Debug log corresponding to this run:

I'm not sure if this is the full extent of the issue, in the debug log I can see lines like "File XY has been truncated", which are clearly wrong, but in the logs of the prod system I also saw some other lines that could be concerning. But it's very noise there and as such it's difficult to follow, so I could be wrong here.

Are you sure you are not seeing the same problem with the log input? Both filestream and log input rereads files from the beginning if the input files is truncated. It is the expected behaviour. So there should not be any difference between the two inputs.

Yes, I'm certain.

Also note that there are no actual truncations going on. The files are moved (renamed), not copytruncated. It could only be considered truncation if file identification was configured to be name based, but that's not the case.

OK, I think I have found the issue in the code. I will test my theory and submit a fix in the next few days. Thank you so much for taking the time to reproduce the issue and for giving such a detailed description of the problem.

1 Like

PR: Detect new files under known paths in filestream input by kvch · Pull Request #31268 · elastic/beats · GitHub

Well, that was fast. :slight_smile: You're the best, thank you.

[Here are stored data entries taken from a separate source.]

lemma matrix_inv_cramer:
  fixes A :: "'a::field^'n^'n"
  assumes "invertible A"
  shows "matrix_inv A $ k $ j
           = det (\<chi> i l. if l = k then axis j 1 $ i else A $ i $ l) * inverse (det A)"
proof -
  let ?x = "\<chi> k. matrix_inv A $ k $ j"
  have "det A \<noteq> 0" using assms invertible_det_nz by blast
  moreover have "A *v ?x = axis j 1"
  proof -
    have "A *v ?x = (\<chi> i. (A ** matrix_inv A) $ i $ j)"
      by (simp add: matrix_vector_mult_def matrix_matrix_mult_def)
    then show ?thesis
      using matrix_inv_right[OF assms] by (simp add: mat_def axis_def vec_eq_iff)
  qed
  ultimately have "?x = (\<chi> k. det (\<chi> i l. if l = k then axis j 1 $ i else A $ i $ l) / det A)"
    using cramer by blast
  then show ?thesis by (simp add: divide_inverse vec_eq_iff)
qed

definition regular_on :: "'i set \<Rightarrow> ('i \<Rightarrow> complex^'n::finite^'n) set
    \<Rightarrow> (('i \<Rightarrow> complex^'n^'n) \<Rightarrow> complex) \<Rightarrow> bool" where
  "regular_on I X \<phi> \<longleftrightarrow> (\<exists>f\<in>reg_gen I. \<forall>x\<in>X. \<phi> x = f x)"

text \<open>Regular maps into GL(n): the inverse of the determinant must be regular as well,
  so that such maps can be substituted into the generator invdet of reg_gen.\<close>
definition regular_matrix_on :: "'i set \<Rightarrow> ('i \<Rightarrow> complex^'n::finite^'n) set
    \<Rightarrow> (('i \<Rightarrow> complex^'n^'n) \<Rightarrow> complex^'n^'n) \<Rightarrow> bool" where
  "regular_matrix_on I X F \<longleftrightarrow>
     (\<forall>j k. regular_on I X (\<lambda>x. F x $ j $ k)) \<and> regular_on I X (\<lambda>x. inverse (det (F x)))"

lemma regular_on_gen: "f \<in> reg_gen I \<Longrightarrow> regular_on I X f"
  unfolding regular_on_def by blast

lemma regular_on_const: "regular_on I X (\<lambda>x. c)"
  by (rule regular_on_gen) (rule reg_gen.const)

lemma regular_on_add:
  assumes "regular_on I X f" "regular_on I X g"
  shows "regular_on I X (\<lambda>x. f x + g x)"
proof -
  obtain f' g' where "f' \<in> reg_gen I" "\<forall>x\<in>X. f x = f' x" "g' \<in> reg_gen I" "\<forall>x\<in>X. g x = g' x"
    using assms unfolding regular_on_def by blast
  then show ?thesis
    unfolding regular_on_def by (intro bexI[of _ "\<lambda>x. f' x + g' x"] reg_gen.add) auto
qed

Been using 8.2.0 for a few days now, and the fix seems to be working fine. Thanks again.

1 Like

Actually... :sweat_smile: There's some noise involved with this fix: For each rotation of each file the following is logged by Filebeat: Error while getting cursor meta data of entry <some_id>: requires pointer

A full example:

{"log.level":"error","@timestamp":"2022-05-11T22:10:17.400Z","log.logger":"input.filestream","log.origin":{"file.name":"filestream/prospector.go","file.line":266},"message":"Error while getting cursor meta data of entry native::6294505-2050: requires pointer","service.name":"filebeat","id":"rabbitmq-rabbitmq","prospector":"file_prospector","operation":"rename","source_name":"native::6294505-2050","os_id":"6294505-2050","new_path":"/logs/rabbitmq/rabbitmq.log.5","old_path":"/logs/rabbitmq/rabbitmq.log.4","ecs.version":"1.6.0"}

So far it seems to be a cosmetic issue only (?).